Le Margrave Charles Guillaume de Baden-Durlach rêvait d’avoir une nouvelle résidence : ainsi est né Karlsruhe, en 1715. La ville a été conçue comme une cité idéale – dont le centre est un “château soleil” d’où partent 32 rayons – puis a évolué au fil des années, notamment grâce à l’élégance classique de Friedrich Weinbrenner qui marqua l’espace urbain de son empreinte au XIXe siècle construisant, par exemple, une Pyramide (1825). Trônant sur la Marktplatz, elle abrite la tombe du Margrave (et rappelle les audaces utopistes de Claude-Nicolas Ledoux). Autre figure architecturale marquante, Walter Gropius qui a bâti un vaste ensemble dans le quartier de Dammerstock, même si ce monument du Bauhaus est resté inachevé pour des raisons budgétaires.

Hier

Des bâtiments du XIXe siècle, des allées remontées aux charmes puissants, des parcs structurant un espac eurbain lâche… Karlsruhe déploie ses charmes wilhelminiens dont le symbole pourrait être la Staatliche Kunsthalle, un des plus anciens musées d’Allemagne.
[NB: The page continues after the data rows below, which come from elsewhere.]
lemma integral_inner_d_mult:
  assumes "finite I" "i \<in> I" "j \<in> I" "y \<in> I" "i \<noteq> j" "i \<noteq> y" "j \<noteq> y"
  shows "(\<integral>x. inner_d d (x i) (x y) * inner_d d (x j) (x y) \<partial>PiM I (\<lambda>_. M)) = 0"
proof -
  interpret product_prob_space "\<lambda>_. M" I
    by (rule product_prob_space_const)
  note triple = product_integral_triple[OF assms integrable_component integrable_component
      integrable_component_mult]
  have int: "integrable (PiM I (\<lambda>_. M)) (\<lambda>x. x i k * x j l * (x y k * x y l))"
    and val: "(\<integral>x. x i k * x j l * (x y k * x y l) \<partial>PiM I (\<lambda>_. M)) = 0"
    if "k < d" "l < d" for k l
    using triple[of k l k l] that by (simp_all add: integral_component)
  show ?thesis
    unfolding inner_d_mult_inner_d
    by (subst integral_sum_sum) (simp_all add: int val)
qed

lemma integral_Max_inner_d_ge:
  assumes "finite J" "i \<in> J" "j \<in> J" "i \<noteq> j" "y \<notin> J"
  shows "1 / (2 * real d) \<le> (\<integral>x. Max ((\<lambda>l. inner_d d (x l) (x y)) ` J) \<partial>PiM (insert y J) (\<lambda>_. M))"
proof -
  let ?P = "PiM (insert y J) (\<lambda>_. M)"
  interpret P: prob_space ?P
    by (intro prob_space_PiM prob_space_axioms)
  have I: "finite (insert y J)" "i \<in> insert y J" "j \<in> insert y J" "y \<in> insert y J" "i \<noteq> y" "j \<noteq> y"
    using assms by auto
  define X where "X l = (\<lambda>x. inner_d d (x l) (x y))" for l
  define S where "S = (\<Sum>k<d. \<Sum>l<d. (moment k l)\<^sup>2)"
  have X_measurable [measurable]: "X l \<in> borel_measurable ?P" if "l \<in> insert y J" for l
    using that by (simp add: X_def)
  have X_bounded: "\<bar>X l x\<bar> \<le> 1" if "\<forall>m\<in>insert y J. sq_norm_d d (x m) = 1" "l \<in> insert y J" for l x
    using that by (auto simp: X_def intro!: abs_inner_d_le_1)
  have "1 / (2 * real d) \<le> S / 2"
    using sum_sq_moment_ge unfolding S_def by (cases "d = 0") (simp_all add: field_simps)
  also have "S / 2 = (P.expectation (X i) + P.expectation (X j)) / 2
      + (P.expectation (\<lambda>x. (X i x)\<^sup>2) + P.expectation (\<lambda>x. (X j x)\<^sup>2)
        - 2 * P.expectation (\<lambda>x. X i x * X j x)) / 4"
    unfolding X_def S_def using I assms(4)
    by (simp add: integral_inner_d integral_inner_d_sq integral_inner_d_mult)
  also have "\<dots> \<le> P.expectation (\<lambda>x. max (X i x) (X j x))"
    using AE_PiM_sq_norm[OF I(1)] I by (intro P.expectation_max_ge_moments) (auto elim!: AE_mp simp: X_bounded)
  also have "\<dots> \<le> P.expectation (\<lambda>x. Max ((\<lambda>l. X l x) ` J))"
    using AE_PiM_sq_norm[OF I(1)] assms
    by (intro P.expectation_max_le_expectation_Max[where B = 1]) (auto elim!: AE_mp simp: X_bounded)
  finally show ?thesis
    by (simp add: X_def)
qed

end

lemma centered_sphere_measure_uniform_sphere:
  "d \<ge> 1 \<Longrightarrow> centered_sphere_measure (uniform_sphere d) d"
  unfolding centered_sphere_measure_def centered_sphere_measure_axioms_def
  by (simp add: prob_space_uniform_sphere AE_uniform_sphere_sq_norm integral_uniform_sphere_component)

lemma sample_size_lower_bounds:
  assumes "d \<ge> 2" "4 * sqrt (real d) * ln (real d) \<le> real N"
  shows "2 \<le> N" "4 * real d \<le> (real N + 1)\<^sup>2"
proof -
  have "1 / 2 \<le> ln (2 :: real)"
    using ln2_ge_two_thirds by linarith
  also have "\<dots> \<le> ln (real d)"
    using assms(1) by simp
  finally have "4 * sqrt (real d) * (1 / 2) \<le> 4 * sqrt (real d) * ln (real d)"
    by (intro mult_left_mono) auto
  then have N_ge: "2 * sqrt (real d) \<le> real N"
    using assms(2) by linarith
  moreover have "1 < sqrt (real d)"
    using assms(1) by simp
  ultimately show "2 \<le> N"
    by linarith
  have "4 * real d = (2 * sqrt (real d))\<^sup>2"
    by (simp add: power_mult_distrib)
  also have "\<dots> \<le> (real N + 1)\<^sup>2"
    using N_ge by (intro power_mono) auto
  finally show "4 * real d \<le> (real N + 1)\<^sup>2" .
qed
Lorsqu’Heinrich Hübsch imagine l’édifice, au début du XIXe siècle, il souhaite une oeuvre d’art totale englobant peinture, sculpture et architecture, un lieu « où l’oeil, l’émotion et la raison vont main dans la main ». Dans un palais néoclassique aux influences italiennes se découvrent d’impressionnantes collections dont les fleurons sont signés Hans Baldung Grien, Caspar David Friedrich (avec des rochers inquiétants hérissant un plage nimbée par le clair de lune), Rembrandt (son plus bel autoportrait) ou encore Max Ernst dont on admire un bel ensemble. Dans ce qui reste du château est abrité le Badisches Landesmuseum où se déploie un riche fonds allant de la préhistoire aux Lumières. Notre coup de coeur ? Le Joueur de harpe, élégante et rare idole cycladique aux lignes pures et altières découverte à Santorin et datant de 2 500 avant Jésus-Christ.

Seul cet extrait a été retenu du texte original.